Heat maps and clustering

Heat maps are a well-known visualization method for expression data from DNA microarrays. Expression profiles are in the rows, gel images in the columns. The legend across the top shows the color code for spot intensities. Rows are labeled based on the spot labels from the gel images. By default, data is standardized to zero mean and unit variance before being shown in the heat map. Other options for normalization are available in the Analyze menu of the statistics table.

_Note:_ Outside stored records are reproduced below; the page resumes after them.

(* For every $m\geq1$, the invariant subring $\mathcal{K}(m)^{\mathfrak{S}_3}$ is generated by \[ \{z(i,I)\mid 1\leq i\leq 6,\ I\subset \{1,\dots, m\},\ |I|\leq 3\}. \]
   Context: Let $J=(x+y+w,\ x^2+y^2+w^2,\ x^6+y^6+w^6)\subset\mathbb{Q}[x,y,w]$ with $x,y,w$ of degree 2, and let $\mathcal{K}(m)=\mathbb{Q}[x,y,w]/J\otimes\bigotimes_{j=1}^m\Lambda(\alpha_j,\beta_j,\gamma_j)/(\alpha_j+\beta_j+\gamma_j)$ with $\alpha_j,\beta_j,\gamma_j$ of degree 1 (this is $H^*(G_2/T\times T^m;\mathbb{Q})$ for $T$ a maximal torus of $SU(3)\subset G_2$). The symmetric group $\mathfrak{S}_3$ (the Weyl group of $SU(3)$) acts on $\mathcal{K}(m)$ by permuting $x,y,w$ and simultaneously permuting each triple $(\alpha_j,\beta_j,\gamma_j)$ in the same way. For $I=\{i_1<\dots<i_k\}$ put $\alpha_I=\alpha_{i_1}\cdots\alpha_{i_k}$ ($\alpha_\emptyset=1$), similarly $\beta_I,\gamma_I$, and for $d\ge0$ put $z(d+1,I)=x^d\alpha_I+y^d\beta_I+w^d\gamma_I$. *)

theory Defs
  imports Complex_Main "HOL-Library.Product_Lexorder" "HOL-Combinatorics.Permutations"
begin

text \<open>
  Concrete model of the graded-commutative Q-algebra
  A(m) = Q[x_0,x_1,x_2] (x) Lambda(a_{j,k} : 1<=j<=m, k<3)
  (x_0=x, x_1=y, x_2=w; a_{j,0}=alpha_j, a_{j,1}=beta_j, a_{j,2}=gamma_j).
  A monomial is a pair (e,S): e gives the exponents of the even generators,
  S is the set of odd generators occurring; it stands for the product
  x^e * (product of the elements of S in increasing lexicographic order).
  Elements are finitely supported coefficient functions.
\<close>

type_synonym mono = "(nat \<Rightarrow> nat) \<times> (nat \<times> nat) set"
type_synonym sp = "mono \<Rightarrow> rat"

definition sp_supp :: "sp \<Rightarrow> mono set" where
  "sp_supp f = {p. f p \<noteq> 0}"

Open the Demonstration project in Delta2D. Open the quantitation table (Window > Quantitation Table), make sure the Statistics Table is selected. Hide the quantitative data for the fused image: Choose Column > Column Properties, uncheck the checkbox next to Fused Image, press OK. Press the Analyze button in the top left of the statistics table. A new analysis window is opened, containing the current expression profiles in a heat map display. If you want to see more rows at once, you can use Display > Set Element Size and select 20 by 5.

Clustering images: what image groups or classes are there?

Clustering methods can group expression profiles and gel images by similarity. This can be very useful for getting an overview of all expression profiles before proceeding with more detailed analyses. Clustering of gel images can also be used to detect outliers, and to identify structures in the experiment. Ideally, the cluster composition will reflect the structure of the experiment, e.g. replicates and images from the same sample should have similar expression levels and thus end up in the same cluster.

In this clustering you see an experiment with control (C1, C2, C4, C5) and treated (T1, T2, T3, T4) samples, made in triplicates. The clustering rediscovers the experimental setup, i.e. gel images with similar samples share a cluster. A sample forming a separate cluster would indicate an outlier for which closer inspection is advisable. Made using Pearson correlation as the similarity measure between images.

Let's make a hierarchical clustering to show more structure in the data: Press the HCL button in the toolbar. Accept the default settings and press OK. The hierarchical clustering groups both samples (gel images) and expression profiles. The cluster hierarchy is shown in a tree display. As you can see, replicates are clustered together, indicating higher similarity, as we would expect.

Clustering expression profiles: finding correlated proteins

Clustering of expression profiles is done to identify proteins with similar behavior, implying that they are co-regulated or at least correlated. The global nature of the cluster display allows for a broad overview and the forming of hypotheses that can then be tested.

Spots with similar expression profiles are clustered together. Support Tree clustering with Euclidean distance.

Discovering patterns in expression profiles

Cluster Viewers

One can regard the mean (or median) of a cluster as a kind of "typical" expression profile. The clustering displays allow you to split the set of expression profiles into separate subsets:

Cutting a tree by a distance threshold. Use the slider to adjust the threshold.

Right click anywhere in the cluster display and select Gene tree properties from the context menu. Use the slider to cut the tree at a certain distance from the root. Then check the Create Cluster Viewers checkbox and press OK. A new section called Gene Tree Cut is created in the Result Tree on the left hand side of the display.

Combined expression profiles in 12 clusters.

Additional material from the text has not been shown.